BEGIN DATA EXCERPTS

text \<open>One step of the protocol. Parameters: number of datacenters D, number of
  partitions P, number of replicas per Raft group R, and the key-to-partition map.\<close>
inductive step :: "nat \<Rightarrow> nat \<Rightarrow> nat \<Rightarrow> ('k \<Rightarrow> nat) \<Rightarrow>
    ('k, 'v, 'c) state \<Rightarrow> ('k, 'v, 'c) label \<Rightarrow> ('k, 'v, 'c) state \<Rightarrow> bool"
  for D P R :: nat and part :: "'k \<Rightarrow> nat" where
  get: "\<lbrakk> cs = clients S c; pending cs = None;
          s = (d, part k, r); d < D; r < R; part k < P;
          hrv = (if rflag then (\<lambda>i. hrm cs i (part k)) else (\<lambda>_. 0));
          hwv = (if wflag then (\<lambda>i. hwm cs i (part k)) else (\<lambda>_. 0));
          \<forall>i<D. hrv i \<le> sv S s i \<and> hwv i \<le> sv S s i;
          (chain S s k = {} \<and> res = None \<and> S' = S) \<or>
          (\<exists>v. res = Some v \<and> v \<in> chain S s k \<and> (\<forall>u\<in>chain S s k. vts u \<le> vts v) \<and>
              S' = S\<lparr> clients := (clients S)(c := cs\<lparr>
                     hrm := (hrm cs)(vdc v := (hrm cs (vdc v))(part k :=
                              max (hrm cs (vdc v) (part k)) (sv S s (vdc v)))),
                     dtr := max (dtr cs) (vts v) \<rparr>) \<rparr>) \<rbrakk>
        \<Longrightarrow> step D P R part S (LGet c s k rflag wflag res) S'"
| put: "\<lbrakk> cs = clients S c; pending cs = None; d < D; p = part k; p < P;
          dt \<in> {(0, 0), dtr cs, dtw cs, max (dtr cs) (dtw cs)};
          t = hlc_tick (lhlc S d p) pt dt;
          v = \<lparr> vkey = k, vval = x, vdc = d, vidx = Suc (length (logs S d p)), vts = t \<rparr>;
          S' = S\<lparr> logs := (logs S)(d := (logs S d)(p := logs S d p @ [v])),
                  lhlc := (lhlc S)(d := (lhlc S d)(p := t)),
                  clients := (clients S)(c := cs\<lparr> pending := Some v \<rparr>) \<rparr> \<rbrakk>
        \<Longrightarrow> step D P R part S (LPut c d k x dt pt v) S'"
| put_reply: "\<lbrakk> cs = clients S c; pending cs = Some v;
          L = (vdc v, part (vkey v), 0); v \<in> set (committed S L);
          S' = S\<lparr> clients := (clients S)(c := cs\<lparr>
                     hwm := (hwm cs)(vdc v := (hwm cs (vdc v))(part (vkey v) :=
                              max (hwm cs (vdc v) (part (vkey v))) (sv S L (vdc v)))),
                     dtw := max (dtw cs) (vts v),
                     pending := None \<rparr>) \<rparr> \<rbrakk>
        \<Longrightarrow> step D P R part S (LPutReply c v) S'"
| commit: "\<lbrakk> s = (d, p, r); d < D; p < P; r < R;
          length (committed S s) < length (logs S d p);
          v = logs S d p ! length (committed S s);
          S' = S\<lparr> committed := (committed S)(s := committed S s @ [v]),
                  sv := (sv S)(s := (sv S s)(vdc v := vidx v)),
                  chain := (chain S)(s := (chain S s)(vkey v := insert v (chain S s (vkey v)))),
                  chan := (if r = 0 \<and> vdc v = d
                           then (\<lambda>d1 d2 q. if d1 = d \<and> q = p \<and> d2 < D \<and> d2 \<noteq> d
                                            then chan S d1 d2 q @ [v] else chan S d1 d2 q)
                           else chan S) \<rparr> \<rbrakk>
        \<Longrightarrow> step D P R part S (LCommit s v) S'"
| forward: "\<lbrakk> d < D; d' < D; p < P; chan S d d' p = v # rest;
          S' = S\<lparr> chan := (chan S)(d := (chan S d)(d' := (chan S d d')(p := rest))),
                  logs := (logs S)(d' := (logs S d')(p := logs S d' p @ [v])) \<rparr> \<rbrakk>
        \<Longrightarrow> step D P R part S (LForward d d' p v) S'"
| idle: "step D P R part S LIdle S"

definition exec :: "nat \<Rightarrow> nat \<Rightarrow> nat \<Rightarrow> ('k \<Rightarrow> nat) \<Rightarrow>
    (nat \<Rightarrow> ('k, 'v, 'c) state) \<Rightarrow> (nat \<Rightarrow> ('k, 'v, 'c) label) \<Rightarrow> bool" where
  "exec D P R part sigma lab \<longleftrightarrow>
     sigma 0 = init_state \<and> (\<forall>n. step D P R part (sigma n) (lab n) (sigma (Suc n)))"

definition CommittedWrites :: "(nat \<Rightarrow> ('k, 'v, 'c) state) \<Rightarrow> server \<Rightarrow> 'k \<Rightarrow> nat
    \<Rightarrow> ('k, 'v) version list" where
  "CommittedWrites sigma s k t = filter (\<lambda>v. vkey v = k) (committed (sigma t) s)"

definition ClientWrites :: "(nat \<Rightarrow> ('k, 'v, 'c) label) \<Rightarrow> 'c \<Rightarrow> 'k \<Rightarrow> nat
    \<Rightarrow> ('k, 'v) version list" where
  "ClientWrites lab c k t =
     concat (map (\<lambda>n. case lab n of LPut c' d k' x dt pt v \<Rightarrow>
                        if c' = c \<and> k' = k then [v] else [] | _ \<Rightarrow> []) [0..<t])"

definition ClientReads :: "(nat \<Rightarrow> ('k, 'v, 'c) label) \<Rightarrow> 'c \<Rightarrow> 'k \<Rightarrow> nat
    \<Rightarrow> ('k, 'v) version set" where
  "ClientReads lab c k t = {w. \<exists>n<t. \<exists>s rflag wflag. lab n = LGet c s k rflag wflag (Some w)}"

end

theory Submission
  imports Defs
begin

text \<open>The dependency timestamp of a PUT with dt = dt_r dominates the timestamp of every version
  the client has read so far, and the HLC update makes the new version strictly newer than dt.
  A GET at a server where the PUT is committed returns the newest version in the chain of the
  key, which contains the PUT; so it returns something at least as new as the PUT, hence
  nothing the client had read before issuing it.\<close>

lemma less_hlc_tick: "dt < hlc_tick cur pt dt"
  by (cases dt; cases cur) (auto simp: hlc_tick_def Let_def less_prod_def)

lemma exec_step:
  assumes "exec D P R part sigma lab"
  shows "step D P R part (sigma n) (lab n) (sigma (Suc n))"
  using assms unfolding exec_def by blast

lemma exec_mono:
  fixes f :: "('k, 'v, 'c) state \<Rightarrow> 'a :: preorder"
  assumes "exec D P R part sigma lab"
    and "\<And>S l S'. step D P R part S l S' \<Longrightarrow> f S \<le> f S'"
    and "m \<le> n"
  shows "f (sigma m) \<le> f (sigma n)"
  using assms(3)
proof (induction n rule: dec_induct)
  case (step n)
  then show ?case using assms(2)[OF exec_step[OF assms(1)]] order_trans by blast
qed simp

lemma exec_invariant:
  assumes "exec D P R part sigma lab"
    and "I init_state"
    and "\<And>S l S'. step D P R part S l S' \<Longrightarrow> I S \<Longrightarrow> I S'"
  shows "I (sigma n)"
proof (induction n)
  case 0
  then show ?case using assms(1,2) by (simp add: exec_def)
next
  case (Suc n)
  then show ?case using assms(3)[OF exec_step[OF assms(1)]] by blast
qed

lemma step_dtr_mono:
  "step D P R part S l S' \<Longrightarrow> dtr (clients S c) \<le> dtr (clients S' c)"
  by (cases rule: step.cases) auto

lemma step_committed_mono:
  "step D P R part S l S' \<Longrightarrow> set (committed S s) \<subseteq> set (committed S' s)"
  by (cases rule: step.cases) auto

definition committed_in_chain :: "('k, 'v, 'c) state \<Rightarrow> bool" where
  "committed_in_chain S \<longleftrightarrow> (\<forall>s v. v \<in> set (committed S s) \<longrightarrow> v \<in> chain S s (vkey v))"

lemma committed_in_chain_init: "committed_in_chain init_state"
  by (simp add: committed_in_chain_def init_state_def)

lemma step_committed_in_chain:
  assumes "step D P R part S l S'" and "committed_in_chain S"
  shows "committed_in_chain S'"
  using assms(1)
proof (cases rule: step.cases)
  case (commit s d p r v)
  show ?thesis unfolding committed_in_chain_def
  proof (intro allI impI)
    fix s' u assume "u \<in> set (committed S' s')"
    then have "u \<in> set (committed S s') \<or> (s' = s \<and> u = v)"
      using commit by (auto split: if_splits)
    moreover have "u \<in> chain S s' (vkey u)" if "u \<in> set (committed S s')"
      using assms(2) that unfolding committed_in_chain_def by blast
    ultimately show "u \<in> chain S' s' (vkey u)"
      using commit by (cases "vkey u = vkey v") auto
  qed
qed (use assms(2) in \<open>auto simp: committed_in_chain_def\<close>)

lemma exec_committed_in_chain:
  "exec D P R part sigma lab \<Longrightarrow> committed_in_chain (sigma n)"
  by (erule exec_invariant) (auto intro: committed_in_chain_init step_committed_in_chain)

lemma step_get_latest:
  assumes "step D P R part S (LGet c s k rflag wflag (Some w)) S'"
  shows "\<forall>u\<in>chain S s k. vts u \<le> vts w"
  using assms by (cases rule: step.cases) auto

END DATA EXCERPTS

» TASK TO CARRY OUT:
Show all lines above that contain "definition".

» FINISHED TASK:
definition exec :: "nat \<Rightarrow> nat \<Rightarrow> nat \<Rightarrow> ('k \<Rightarrow> nat) \<Rightarrow>
definition CommittedWrites :: "(nat \<Rightarrow> ('k, 'v, 'c) state) \<Rightarrow> server \<Rightarrow> 'k \<Rightarrow> nat
definition ClientWrites :: "(nat \<Rightarrow> ('k, 'v, 'c) label) \<Rightarrow> 'c \<Rightarrow> 'k \<Rightarrow> nat
definition ClientReads :: "(nat \<Rightarrow> ('k, 'v, 'c) label) \<Rightarrow> 'c \<Rightarrow> 'k \<Rightarrow> nat
definition committed_in_chain :: "('k, 'v, 'c) state \<Rightarrow> bool" where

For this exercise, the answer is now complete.